Yes, executing things on the GPU requires at some interaction by the host agent to set up the data and begin execution. The "loader" in this patch provides the minimum amount of infrastructure required to launch a GPU agent's execution, while the "startup" code provides the glue to call main. The current idea is to use these tools to make a separate version of the LibcTest.cpp source that is compatible for the GPU. This way we could compile the unit test source and test file after linking in the "startup" code and then launch it on the GPU using the loader to test.

Another option would be to use an existing offloading runtime like OpenMP to perform the loading, but I'm hesitant to bring a large established runtime into libc and prefer this method for the reasons @JonChesterfield mentioned above.

  1. The Linux startup code currently is in the directory named loader: https://github.com/llvm/llvm-project/tree/main/libc/loader. I agree that the name "loader" is not appropriate. We have plans to change it to "startup". What you are calling as amdhsa_crt should live along side the linux startup code and follow the conventions followed by the linux startup code.

Would that cause this to be exported? It's primarily being proposed for testing but we could probably expose it like any other loader, it would make the GPU behave more like a standard libc target which would be nice.
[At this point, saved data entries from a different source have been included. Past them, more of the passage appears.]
lemma orbit_gromov_product_le:
  fixes g :: "'a::metric_space \<Rightarrow> 'a"
  assumes hyp: "hyperbolic \<delta> TYPE('a)" and iso: "\<And>x y. dist (g x) (g y) = dist x y"
    and turn: "gromov_product x (g (g x)) (g x) \<le> \<alpha>"
    and far: "2 * \<alpha> + 2 * \<delta> < dist (g x) x"
  shows "gromov_product x ((g ^^ Suc n) x) ((g ^^ n) x) \<le> \<alpha> + \<delta>"
proof (induction n)
  case 0
  show ?case
    using turn gromov_product_nonneg[of x "g (g x)" "g x"] hyperbolic_nonneg[OF hyp]
    by (simp add: gromov_product_def dist_commute)
next
  case (Suc n)
  define y where "y = (g ^^ n) x"
  have "gromov_product y ((g ^^ Suc (Suc n)) x) ((g ^^ Suc n) x) = gromov_product x (g (g x)) (g x)"
    using gromov_product_isometric[of "g ^^ n", OF dist_funpow_isometric[OF iso]]
    by (simp add: y_def funpow_swap1)
  moreover have "gromov_product y x ((g ^^ Suc n) x) + gromov_product x ((g ^^ Suc n) x) y = dist (g x) x"
    using gromov_product_add_eq_dist[of "(g ^^ Suc n) x" x y] dist_funpow_step[OF iso, of n x]
    by (simp add: y_def gromov_product_commute dist_commute)
  (* By induction \<open>(y, x)\<^sub>w = |gx - x| - (x, w)\<^sub>y\<close> is large, where \<open>w = g\<^sup>n\<^sup>+\<^sup>1 x\<close>, so
     hyperbolicity passes the small turn \<open>(y, g w)\<^sub>w\<close> on to \<open>(x, g w)\<^sub>w\<close>. *)
  ultimately show ?case
    using Suc hyperbolic_min_le[OF hyp, of y x "(g ^^ Suc n) x" "(g ^^ Suc (Suc n)) x"] turn far
    unfolding y_def by linarith
qed

lemma orbit_dist_ge:
  fixes g :: "'a::metric_space \<Rightarrow> 'a"
  assumes iso: "\<And>x y. dist (g x) (g y) = dist x y"
    and turns: "\<And>n. gromov_product x ((g ^^ Suc n) x) ((g ^^ n) x) \<le> \<beta>"
  shows "real n * (dist (g x) x - 2 * \<beta>) \<le> dist x ((g ^^ n) x)"
proof (induction n)
  case (Suc n)
  then show ?case
    using turns[of n] dist_funpow_step[OF iso, of n x]
    by (simp add: gromov_product_eq_halves dist_commute algebra_simps)
qed simp

lemma transl_len_ge_of_turn:
  fixes g :: "'a::metric_space \<Rightarrow> 'a"
  assumes hyp: "hyperbolic \<delta> TYPE('a)" and iso: "\<And>x y. dist (g x) (g y) = dist x y"
    and turn: "gromov_product x (g (g x)) (g x) \<le> \<alpha>"
    and far: "2 * \<alpha> + 2 * \<delta> < dist (g x) x"
  shows "dist (g x) x - 2 * \<alpha> - 2 * \<delta> \<le> transl_len g"
  using transl_len_ge_of_orbit_growth[OF iso orbit_dist_ge[OF iso orbit_gromov_product_le[OF assms]]]
  by (simp add: algebra_simps)

lemma gromov_product_turn_conj:
  assumes "isometry u" "u \<circ> g = h \<circ> u"
  shows "gromov_product x (g (g x)) (g x) = gromov_product (u x) (h (h (u x))) (h (u x))"
  using gromov_product_isometric[of u x "g (g x)" "g x"] assms
  by (simp add: isometry_dist fun_eq_iff)

subsection \<open>Closeness to the characteristic set\<close>

lemma geodesic_midpoint:
  fixes x y :: "'a::metric_space"
  assumes "geodesic_space TYPE('a)"
  obtains m where "dist x m = dist x y / 2" "dist m y = dist x y / 2"
proof -
  obtain \<gamma> :: "real \<Rightarrow> 'a" where \<gamma>: "\<gamma> 0 = x" "\<gamma> (dist x y) = y"
    and geod: "\<forall>s\<in>{0..dist x y}. \<forall>t\<in>{0..dist x y}. dist (\<gamma> s) (\<gamma> t) = \<bar>s - t\<bar>"
    using assms unfolding geodesic_space_def by blast
  have "dist (\<gamma> 0) (\<gamma> (dist x y / 2)) = dist x y / 2"
    "dist (\<gamma> (dist x y / 2)) (\<gamma> (dist x y)) = dist x y / 2"
    using geod by auto
  with that show ?thesis unfolding \<gamma> .
qed

lemma dist_midpoint_le:
  fixes a m x y :: "'a::metric_space"
  assumes hyp: "hyperbolic \<delta> TYPE('a)"
    and "dist a m = dist a y / 2" "dist m y = dist a y / 2"
  shows "dist x m \<le> max (dist x a) (dist x y) - dist a y / 2 + 2 * \<delta>"
  using hyperbolic_min_le[OF hyp, of a x m y] assms(2,3)
  by (simp only: gromov_product_eq_halves dist_commute; linarith)

lemma midpoint_mem_char_set:
  fixes g :: "'a::metric_space \<Rightarrow> 'a"
  assumes hyp: "hyperbolic \<delta> TYPE('a)" and iso: "\<And>x y. dist (g x) (g y) = dist x y"
    and mid: "dist a m = dist a (g a) / 2" "dist m (g a) = dist a (g a) / 2"
  shows "m \<in> char_set \<delta> g"
proof (cases "dist (g m) m \<le> 8 * \<delta>")
  case True
  then show ?thesis using transl_len_nonneg[of g] unfolding char_set_def by auto
next
  case False
  note dists = hyperbolic_nonneg[OF hyp] mid
    iso[of m a] iso[of m "g a"] iso[of a "g a"] iso[of "g m" "g a"] iso[of "g m" m]
  (* \<open>g m\<close> is the midpoint of \<open>[g a, g\<^sup>2 a]\<close>, while \<open>(g a, m)\<^sub>g\<^sub>m\<close> and
     \<open>(g\<^sup>2 m, g\<^sup>2 a)\<^sub>g\<^sub>m\<close> both equal \<open>|gm - m| / 2\<close>, which is large. *)
  have "gromov_product m (g (g a)) (g m) \<le> \<delta>"
    using hyperbolic_min_le[OF hyp, of "g a" m "g m" "g (g a)"] dists False
    by (simp only: gromov_product_eq_halves dist_commute; linarith)
  then have turn: "gromov_product m (g (g m)) (g m) \<le> 2 * \<delta>"
    using hyperbolic_min_le[OF hyp, of m "g (g m)" "g m" "g (g a)"] dists False
    by (simp only: gromov_product_eq_halves dist_commute; linarith)
  have "dist (g m) m - 2 * (2 * \<delta>) - 2 * \<delta> \<le> transl_len g"
    using transl_len_ge_of_turn[OF hyp iso turn] False hyperbolic_nonneg[OF hyp] by linarith
  then show ?thesis using hyperbolic_nonneg[OF hyp] unfolding char_set_def by simp
qed

lemma mem_nbhd_char_set:
  fixes g :: "'a::metric_space \<Rightarrow> 'a"
  assumes hyp: "hyperbolic \<delta> TYPE('a)" and geo: "geodesic_space TYPE('a)" and "isometry g"
    and turn: "gromov_product x (g (g x)) (g x) \<le> \<alpha>"
  shows "x \<in> nbhd (char_set \<delta> g) (\<alpha> + 3 * \<delta>)"
proof -
  have iso: "\<And>x y. dist (g x) (g y) = dist x y" using \<open>isometry g\<close> by (rule isometry_dist)
  (* With \<open>y\<close> the midpoint of \<open>[x, gx]\<close> and \<open>y = g a\<close>, both \<open>a\<close> and \<open>ga\<close> are at
     distance \<open>|gx - x| / 2\<close> from \<open>x\<close>, and \<open>|ga - a|\<close> is nearly \<open>|gx - x|\<close>; so the
     midpoint of \<open>[a, ga]\<close>, which lies in \<open>C\<^sub>g\<close>, is close to \<open>x\<close>. *)
  obtain y where y: "dist x y = dist x (g x) / 2" "dist y (g x) = dist x (g x) / 2"
    using geodesic_midpoint[OF geo] .
  define a where "a = inv g y"
  have ga: "g a = y" unfolding a_def using \<open>isometry g\<close> by (rule isometry_f_inv_f)
  obtain m where m: "dist a m = dist a (g a) / 2" "dist m (g a) = dist a (g a) / 2"
    using geodesic_midpoint[OF geo] .
  have "dist x a = dist x (g x) / 2" using iso[of a x] ga y by (simp add: dist_commute)
  then have close: "dist x m \<le> dist x (g x) / 2 - dist a (g a) / 2 + 2 * \<delta>"
    using dist_midpoint_le[OF hyp m, of x] ga y by simp
  have "dist (g x) x - 2 * \<alpha> - 2 * \<delta> \<le> dist (g a) a"
  proof (cases "2 * \<alpha> + 2 * \<delta> < dist (g x) x")
    case True
    then show ?thesis using transl_len_ge_of_turn[OF hyp iso turn True] transl_len_le[of g a] by linarith
  next
    case False
    then show ?thesis using zero_le_dist[of "g a" a] by linarith
  qed
  with close have "dist x m \<le> \<alpha> + 3 * \<delta>" by (simp add: dist_commute)
  moreover have "m \<in> char_set \<delta> g" using midpoint_mem_char_set[OF hyp iso m] .
  ultimately show ?thesis unfolding nbhd_def using infdist_le[of m _ x] by force
qed

lemma nbhd_mono: "r \<le> s \<Longrightarrow> nbhd A r \<subseteq> nbhd A s"
  unfolding nbhd_def by auto

lemma reduced_products_paths:
  fixes x0 :: "'a::metric_space" and u1 u2 v w1 w2 :: "'a \<Rightarrow> 'a"
  assumes "hyperbolic \<delta> TYPE('a)"
    and iso: "isometry u1" "isometry u2" "isometry v"
    and "u1 \<circ> v \<circ> w1 = u2 \<circ> v \<circ> w2"
    and red: "reduced_at \<delta> u1 v x0" "reduced_at \<delta> u2 v x0"
      "reduced_at \<delta> v w1 x0" "reduced_at \<delta> v w2 x0"
    and "3 * \<delta> < dist (v x0) x0"
    and "dist (u1 x0) (u2 x0) \<le> dist (v x0) x0"
    and "dist (u1 x0) x0 \<le> dist (u2 x0) x0"
  shows "reduced_paths \<delta> x0 (u1 x0) (u1 (v x0)) (u2 x0) (u2 (v x0)) (u1 (v (w1 x0)))"
proof
  have "u1 (v (w1 x0)) = u2 (v (w2 x0))"
    using fun_cong[OF \<open>u1 \<circ> v \<circ> w1 = u2 \<circ> v \<circ> w2\<close>] by simp
  then show "gromov_product (u1 x0) (u1 (v (w1 x0))) (u1 (v x0)) \<le> \<delta>"
    and "gromov_product (u2 x0) (u1 (v (w1 x0))) (u2 (v x0)) \<le> \<delta>"
    using reduced_at_image[OF iso(1,3) red(3)] reduced_at_image[OF iso(2,3) red(4)] by simp_all
  show "gromov_product x0 (u1 (v x0)) (u1 x0) \<le> \<delta>"
    and "gromov_product x0 (u2 (v x0)) (u2 x0) \<le> \<delta>"
    using reduced_at_image[OF isometry_id iso(1) red(1)]
      reduced_at_image[OF isometry_id iso(2) red(2)] by simp_all
qed (use assms in \<open>simp_all add: isometry_dist dist_commute\<close>)

lemma reduced_products_turns:
  fixes a b :: "'a::metric_space" and u1 u2 :: "'a \<Rightarrow> 'a"
  assumes "isometry u1" "isometry u2"
    and paths: "reduced_paths \<delta> a (u1 a) (u1 b) (u2 a) (u2 b) z"
  shows "gromov_product a ((inv u1 \<circ> u2) ((inv u1 \<circ> u2) a)) ((inv u1 \<circ> u2) a) \<le> 17 * \<delta>"
    and "gromov_product b ((inv u1 \<circ> u2) ((inv u1 \<circ> u2) b)) ((inv u1 \<circ> u2) b) \<le> 40 * \<delta>"
proof -
  define h where "h = u2 \<circ> inv u1"
  have "isometry h" using assms(1,2) by (simp add: h_def isometry_comp isometry_inv)
  have conj: "u1 \<circ> (inv u1 \<circ> u2) = h \<circ> u1"
    using assms(1) by (simp add: h_def fun_eq_iff isometry_f_inv_f isometry_inv_f_f)
  have "h (u1 a) = u2 a" "h (u1 b) = u2 b"
    using assms(1) by (simp_all add: h_def isometry_inv_f_f)
  from reduced_paths.turn_bounds[OF paths isometry_dist[OF \<open>isometry h\<close>] this]
  show "gromov_product a ((inv u1 \<circ> u2) ((inv u1 \<circ> u2) a)) ((inv u1 \<circ> u2) a) \<le> 17 * \<delta>"
    and "gromov_product b ((inv u1 \<circ> u2) ((inv u1 \<circ> u2) b)) ((inv u1 \<circ> u2) b) \<le> 40 * \<delta>"
    unfolding gromov_product_turn_conj[OF assms(1) conj] .
qed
As I see it, the way forward for this patch is this:

  1. I will rename the current loader directory to startup and you can move the GPU startup implementation there. As it stands in this patch, it is a trivial implementation so you can land it separately after I do the renaming.

Sounds good.

  1. You can land the DeviceLoader implementation as a next step - GPU/AMD experts should review that. Keeping it under libc/utils sounds good but may be it should live in a nested directory libc/utils/gpu.

@JonChesterfield is the resident HSA expert, we can review that separately but moving the directories sounds good.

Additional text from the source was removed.